As indicated by the first editorial, hoped-for "new jobs" are an illusion and will come from someplace else in the local economy. . . Hold that thought for a moment.

The first editorial pointed out something else:
. . . The age of the automobile led to the spread of growth into suburban communities . . .
While the automobile changed what is "local," our government which was organized on a pre-automobile concept of "local" has not changed. The result has been (not only here, but elsewhere in New York State) suburbs and the cities they economically depend upon making policy decisions that hurt the city-suburban region as a whole. In Upstate, we have what has been documented by the Brookings Institute as one of the worst cases of sprawl in the nation . . . sprawl without growth in population . . . The result is extremely high levels of taxation which drive more people away and create a need for even higher taxes.




New Hartford, Whitestown, and Utica being separate jurisdictions makes about as much sense as east and west Utica being separately governed.
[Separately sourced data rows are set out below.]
definition m_r :: "nat \<Rightarrow> 'a::euclidean_space measure \<Rightarrow> 'a \<Rightarrow> 'a \<Rightarrow> real \<Rightarrow> real" where
  "m_r \<tau> \<rho> v1 v2 r = min (\<integral>u\<in>ball v1 r. phi_bump \<tau> r (u - v1) \<partial>\<rho>)
                            (\<integral>u\<in>ball v2 r. phi_bump \<tau> r (u - v2) \<partial>\<rho>)"

end

theory Submission
  imports Defs
begin

text \<open>
  Write E w = exp (-\<alpha> g w), so that the consensus point is the E\<rho>-weighted mean. Outside the
  two balls of radius R = (q + g_r)^\<nu>/\<eta> around v1 and v2 the growth condition forces
  g \<ge> min (g v1) (g v2) + q + g_r - \<beta>, so there E is at most exp (-\<alpha> (q - \<beta>)) times
  exp (-\<alpha> (min (g v1) (g v2) + g_r)). The normaliser \<integral>E d\<rho> is at least that last factor
  times m_r, because E is at least that factor on the r-ball around the minimising v_i and the
  bump \<phi>^\<tau>_r lies in [0,1]. Points inside one of the balls are within |v1 - v2| + R of
  both v_i, and the far points contribute at most the stated tail term.
  The argument gives R where the statement has 2 R, and it never uses the frontier conditions
  nor that Z1, Z2 are disjoint Borel sets.
\<close>

subsection \<open>The bump function\<close>

text \<open>Weighted AM-GM for 1 and t^(n+1) with weights 1 and n.\<close>
lemma Suc_mult_power_le:
  fixes t :: real
  assumes "0 \<le> t" "t \<le> 1"
  shows "real (Suc n) * t ^ n \<le> 1 + real n * t ^ Suc n"
proof (induction n)
  case 0
  then show ?case by simp
next
  case (Suc n)
  have "t ^ Suc n \<le> 1"
    using assms by (intro power_le_one) auto
  then have step: "t + t ^ Suc n \<le> 1 + t ^ Suc (Suc n)"
    using mult_nonneg_nonneg[of "1 - t" "1 - t ^ Suc n"] assms by (simp add: algebra_simps)
  have "real (Suc (Suc n)) * t ^ Suc n = t * (real (Suc n) * t ^ n) + t ^ Suc n"
    by (simp add: algebra_simps)
  also have "\<dots> \<le> t * (1 + real n * t ^ Suc n) + t ^ Suc n"
    using Suc assms by (intro add_right_mono mult_left_mono) auto
  also have "\<dots> \<le> 1 + real (Suc n) * t ^ Suc (Suc n)"
    using step by (simp add: algebra_simps)
  finally show ?case .
qed

lemma phi_bump_nonneg:
  assumes "r > 0" "\<tau> \<ge> 1"
  shows "0 \<le> phi_bump \<tau> r v"
proof (cases "norm v \<le> r")
  case True
  obtain n where n: "\<tau> = Suc n"
    using assms(2) by (cases \<tau>) auto
  have "real (Suc n) * (norm v / r) ^ n \<le> 1 + real n * (norm v / r) ^ Suc n"
    using True assms(1) by (intro Suc_mult_power_le) auto
  then show ?thesis
    using True by (simp add: phi_bump_def n)
qed (simp add: phi_bump_def)

lemma phi_bump_le_one:
  assumes "r > 0"
  shows "phi_bump \<tau> r v \<le> 1"
proof (cases "norm v \<le> r")
  case True
  define t where "t = norm v / r"
  have "0 \<le> t" "t \<le> 1"
    using True assms by (auto simp: t_def)
  then have "t ^ \<tau> \<le> t ^ (\<tau> - 1)"
    by (intro power_decreasing) auto
  then have "(real \<tau> - 1) * t ^ \<tau> \<le> real \<tau> * t ^ (\<tau> - 1)"
    using \<open>0 \<le> t\<close> by (intro mult_mono) auto
  then show ?thesis
    using True by (simp add: phi_bump_def t_def)
qed (simp add: phi_bump_def)

lemma phi_bump_ge_half:
  assumes "r > 0" "\<tau> \<ge> 3" "norm v < r / real \<tau>"
  shows "1 / 2 \<le> phi_bump \<tau> r v"
proof -
  define t where "t = norm v / r"
  have \<tau>: "real \<tau> \<ge> 3"
    using assms(2) by simp
  have t: "0 \<le> t" "t < 1 / real \<tau>"
    using assms(1,3) by (auto simp: t_def pos_divide_less_eq)
  have "r / real \<tau> \<le> r"
    using assms(1) \<tau> by (simp add: divide_le_eq)
  then have phi: "phi_bump \<tau> r v = 1 + (real \<tau> - 1) * t ^ \<tau> - real \<tau> * t ^ (\<tau> - 1)"
    using assms(3) by (simp add: phi_bump_def t_def)
  have "1 / real \<tau> \<le> 1"
    using \<tau> by simp
  then have "t ^ (\<tau> - 1) \<le> t ^ 2"
    using t assms(2) by (intro power_decreasing) linarith+
  also have "\<dots> \<le> (1 / real \<tau>) ^ 2"
    using t by (intro power_mono) auto
  finally have "real \<tau> * t ^ (\<tau> - 1) \<le> 1 / real \<tau>"
    using \<tau> by (simp add: power2_eq_square field_simps)
  also have "\<dots> \<le> 1 / 2"
    using \<tau> by simp
  moreover have "0 \<le> (real \<tau> - 1) * t ^ \<tau>"
    using t \<tau> by simp
  ultimately show ?thesis
    unfolding phi by linarith
qed

lemma phi_bump_measurable:
  "(\<lambda>u. phi_bump \<tau> r (u - v)) \<in> borel_measurable borel"
  unfolding phi_bump_def by measurable

lemma set_integrable_phi_bump:
  assumes "finite_measure \<rho>" "sets \<rho> = sets borel" "r > 0" "\<tau> \<ge> 1"
  shows "set_integrable \<rho> (ball v r) (\<lambda>u. phi_bump \<tau> r (u - v))"
  unfolding set_integrable_def
proof (rule finite_measure.integrable_const_bound[OF assms(1), where B = 1])
  have "\<bar>phi_bump \<tau> r x\<bar> \<le> 1" for x :: 'a
    using phi_bump_nonneg[OF assms(3,4), of x] phi_bump_le_one[OF assms(3), of \<tau> x] by simp
  then show "AE u in \<rho>. norm (indicator (ball v r) u *\<^sub>R phi_bump \<tau> r (u - v)) \<le> 1"
    by (intro AE_I2) (simp add: indicator_def)
  show "(\<lambda>u. indicator (ball v r) u *\<^sub>R phi_bump \<tau> r (u - v)) \<in> borel_measurable \<rho>"
    unfolding measurable_cong_sets[OF assms(2) refl]
    by (intro borel_measurable_scaleR borel_measurable_indicator phi_bump_measurable) simp
qed

lemma set_integral_phi_bump_pos:
  assumes "finite_measure \<rho>" "sets \<rho> = sets borel" "in_support \<rho> v" "r > 0" "\<tau> \<ge> 3"
  shows "0 < (\<integral>u\<in>ball v r. phi_bump \<tau> r (u - v) \<partial>\<rho>)"
proof -
  interpret finite_measure \<rho> by fact
  let ?B = "ball v (r / real \<tau>)"
  have B: "?B \<in> sets \<rho>"
    using assms(2) by simp
  have "0 < measure \<rho> ?B"
    using assms(3-5) B by (simp add: in_support_def emeasure_eq_measure)
  also have "measure \<rho> ?B = 2 * (\<integral>u. indicator ?B u / 2 \<partial>\<rho>)"
    using B by simp
  also have "(\<integral>u. indicator ?B u / 2 \<partial>\<rho>) \<le> (\<integral>u\<in>ball v r. phi_bump \<tau> r (u - v) \<partial>\<rho>)"
    unfolding set_lebesgue_integral_def
  proof (rule integral_mono')
    show "integrable \<rho> (\<lambda>u. indicator (ball v r) u *\<^sub>R phi_bump \<tau> r (u - v))"
      using set_integrable_phi_bump[OF assms(1,2,4)] assms(5) by (simp add: set_integrable_def)
    have "r / real \<tau> \<le> r"
      using assms(4,5) by (simp add: divide_le_eq)
    then show "indicator ?B u / 2 \<le> indicator (ball v r) u *\<^sub>R phi_bump \<tau> r (u - v)" for u
      using phi_bump_ge_half[OF assms(4,5), of "u - v"] phi_bump_nonneg[OF assms(4), of \<tau> "u - v"]
        assms(5)
      by (auto simp: indicator_def dist_norm norm_minus_commute)
    show "0 \<le> indicator (ball v r) u *\<^sub>R phi_bump \<tau> r (u - v)" for u
      using phi_bump_nonneg[OF assms(4), of \<tau> "u - v"] assms(5) by (simp add: indicator_def)
  qed
  finally show ?thesis
    by simp
qed

lemma set_integral_phi_bump_le_integral:
  fixes f :: "'a::euclidean_space \<Rightarrow> real"
  assumes "finite_measure \<rho>" "sets \<rho> = sets borel" "integrable \<rho> f" "r > 0" "\<tau> \<ge> 1"
    and "\<And>u. 0 \<le> f u" "\<And>u. u \<in> ball v r \<Longrightarrow> c \<le> f u" "0 \<le> c"
  shows "c * (\<integral>u\<in>ball v r. phi_bump \<tau> r (u - v) \<partial>\<rho>) \<le> (\<integral>u. f u \<partial>\<rho>)"
proof -
  have "c * (\<integral>u\<in>ball v r. phi_bump \<tau> r (u - v) \<partial>\<rho>)
      = (\<integral>u. c * (indicator (ball v r) u *\<^sub>R phi_bump \<tau> r (u - v)) \<partial>\<rho>)"
    by (simp add: set_lebesgue_integral_def)
  also have "\<dots> \<le> (\<integral>u. f u \<partial>\<rho>)"
  proof (rule integral_mono')
    show "c * (indicator (ball v r) u *\<^sub>R phi_bump \<tau> r (u - v)) \<le> f u" for u
      using phi_bump_le_one[OF assms(4), of \<tau> "u - v"] assms(6-8)
        mult_left_mono[of "phi_bump \<tau> r (u - v)" 1 c]
      by (cases "u \<in> ball v r") (auto intro: order_trans)
  qed (use assms(3,6) in auto)
  finally show ?thesis .
qed

subsection \<open>Weighted means\<close>

lemma norm_weighted_mean_diff_le:
  fixes E :: "'a \<Rightarrow> real" and X :: "'a \<Rightarrow> 'b::euclidean_space"
  assumes "integrable M E" "integrable M (\<lambda>w. E w *\<^sub>R X w)" "\<And>w. 0 \<le> E w"
    and "0 < (\<integral>w. E w \<partial>M)"
  shows "norm ((1 / (\<integral>w. E w \<partial>M)) *\<^sub>R (\<integral>w. E w *\<^sub>R X w \<partial>M) - v)
           \<le> (\<integral>w. E w * norm (X w - v) \<partial>M) / (\<integral>w. E w \<partial>M)"
proof -
  define Z where "Z = (\<integral>w. E w \<partial>M)"
  have "(\<integral>w. E w *\<^sub>R (X w - v) \<partial>M) = (\<integral>w. E w *\<^sub>R X w \<partial>M) - Z *\<^sub>R v"
    using assms(1,2) by (simp add: scaleR_diff_right Z_def)
  then have "(1 / Z) *\<^sub>R (\<integral>w. E w *\<^sub>R X w \<partial>M) - v = (1 / Z) *\<^sub>R (\<integral>w. E w *\<^sub>R (X w - v) \<partial>M)"
    using assms(4) by (simp add: Z_def scaleR_diff_right)
  moreover have "norm (\<integral>w. E w *\<^sub>R (X w - v) \<partial>M) \<le> (\<integral>w. E w * norm (X w - v) \<partial>M)"
    using integral_norm_bound[of M "\<lambda>w. E w *\<^sub>R (X w - v)"] assms(3) by simp
  ultimately show ?thesis
    using assms(4) by (simp add: Z_def divide_right_mono)
qed

text \<open>The pointwise hypothesis is a near/far split: near points lie within A of v, far ones
  carry weight at most K.\<close>
lemma weighted_mean_dist_le:
  fixes E :: "'a::euclidean_space \<Rightarrow> real"
  assumes "prob_space \<rho>" "sets \<rho> = sets borel" "integrable \<rho> norm"
    and "integrable \<rho> E" "\<And>w. 0 \<le> E w" "\<And>w. E w \<le> C"
    and "0 < Zmin" "Zmin \<le> (\<integral>w. E w \<partial>\<rho>)"
    and "\<And>w. E w * norm (w - v) \<le> E w * A + K * (norm (w - u) + D)"
    and "0 \<le> K" "0 \<le> D"
  shows "norm ((1 / (\<integral>w. E w \<partial>\<rho>)) *\<^sub>R (\<integral>w. E w *\<^sub>R w \<partial>\<rho>) - v)
           \<le> A + K / Zmin * ((\<integral>w. norm (w - u) \<partial>\<rho>) + D)"
proof -
  interpret prob_space \<rho> by fact
  define Z where "Z = (\<integral>w. E w \<partial>\<rho>)"
  define I where "I = (\<integral>w. norm (w - u) \<partial>\<rho>)"
  note meas = measurable_cong_sets[OF assms(2) refl]
  note E = assms(4)
  have E_meas: "E \<in> borel_measurable borel"
    using borel_measurable_integrable[OF E] unfolding meas .
  have dist: "integrable \<rho> (\<lambda>w. norm (w - x))" for x
  proof (rule Bochner_Integration.integrable_bound[where f = "\<lambda>w. norm w + norm x"])
    show "integrable \<rho> (\<lambda>w. norm w + norm x)"
      using assms(3) by simp
    show "(\<lambda>w. norm (w - x)) \<in> borel_measurable \<rho>"
      unfolding meas by measurable
    show "AE w in \<rho>. norm (norm (w - x)) \<le> norm (norm w + norm x)"
      by (intro AE_I2) (simp add: norm_triangle_ineq4)
  qed
  have E_dist: "integrable \<rho> (\<lambda>w. E w * norm (w - x))" for x
  proof (rule Bochner_Integration.integrable_bound[where f = "\<lambda>w. C * norm (w - x)"])
    show "integrable \<rho> (\<lambda>w. C * norm (w - x))"
      using dist by simp
    show "(\<lambda>w. E w * norm (w - x)) \<in> borel_measurable \<rho>"
      unfolding meas using E_meas by measurable
    show "AE w in \<rho>. norm (E w * norm (w - x)) \<le> norm (C * norm (w - x))"
      using assms(5,6) order_trans[OF assms(5,6)]
      by (intro AE_I2) (simp add: abs_mult mult_right_mono)
  qed
  have "integrable \<rho> (\<lambda>w. E w *\<^sub>R w)"
    by (rule Bochner_Integration.integrable_bound[OF E_dist[of 0]])
      (use E_meas assms(5) in \<open>auto simp: meas\<close>)
  then have "norm ((1 / Z) *\<^sub>R (\<integral>w. E w *\<^sub>R w \<partial>\<rho>) - v) \<le> (\<integral>w. E w * norm (w - v) \<partial>\<rho>) / Z"
    using norm_weighted_mean_diff_le[OF E, of "\<lambda>w. w"] assms(5,7,8) by (simp add: Z_def)
  also have "\<dots> \<le> (\<integral>w. E w * A + K * (norm (w - u) + D) \<partial>\<rho>) / Z"
    using assms(7-9) E E_dist dist by (intro divide_right_mono integral_mono) (auto simp: Z_def)
  also have "\<dots> = (Z * A + K * (I + D)) / Z"
    using E dist by (simp add: Z_def I_def prob_space)
  also have "\<dots> = A + K / Z * (I + D)"
    using assms(7,8) by (simp add: Z_def add_divide_distrib)
  also have "\<dots> \<le> A + K / Zmin * (I + D)"
    using assms(7,8,10,11) by (intro add_left_mono mult_right_mono divide_left_mono)
      (auto simp: Z_def I_def)
  finally show ?thesis
    by (simp add: Z_def I_def)
qed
If there was a Municipality of Greater Utica instead, somehow I think we would still have an apple orchard in New Hartford . . . or a business park there reserved for manufacturing.

Wednesday, December 09, 2009

Oneida County Sticks It To The Villages . . . and Utica

Oneida County's $158 Million Sewer project has been portrayed by government and media as resolving a problem of too much storm water getting into sewers that now must be removed. With that perspective, few would question the distribution of costs recently published in the local newspaper -- with the communities having the "leakiest" sewers being stuck with the greatest bills. Ignored, however, are the facts that the project was triggered by the County's violation of law; that the violation has exposed local communities to costs, which could have legally been smaller and postponed had no violation occurred; and that the violation enabled the County and certain municipalities to grow their tax bases and incomes "on the cheap." If the County proceeds down its current path on cost sharing with our system of overlapping local governments, the entities that benefited the most from the violation (the County and Town of New Hartford) are going to continue to benefit, while the burden of paying for the project will be passed on to the Villages and the City of Utica.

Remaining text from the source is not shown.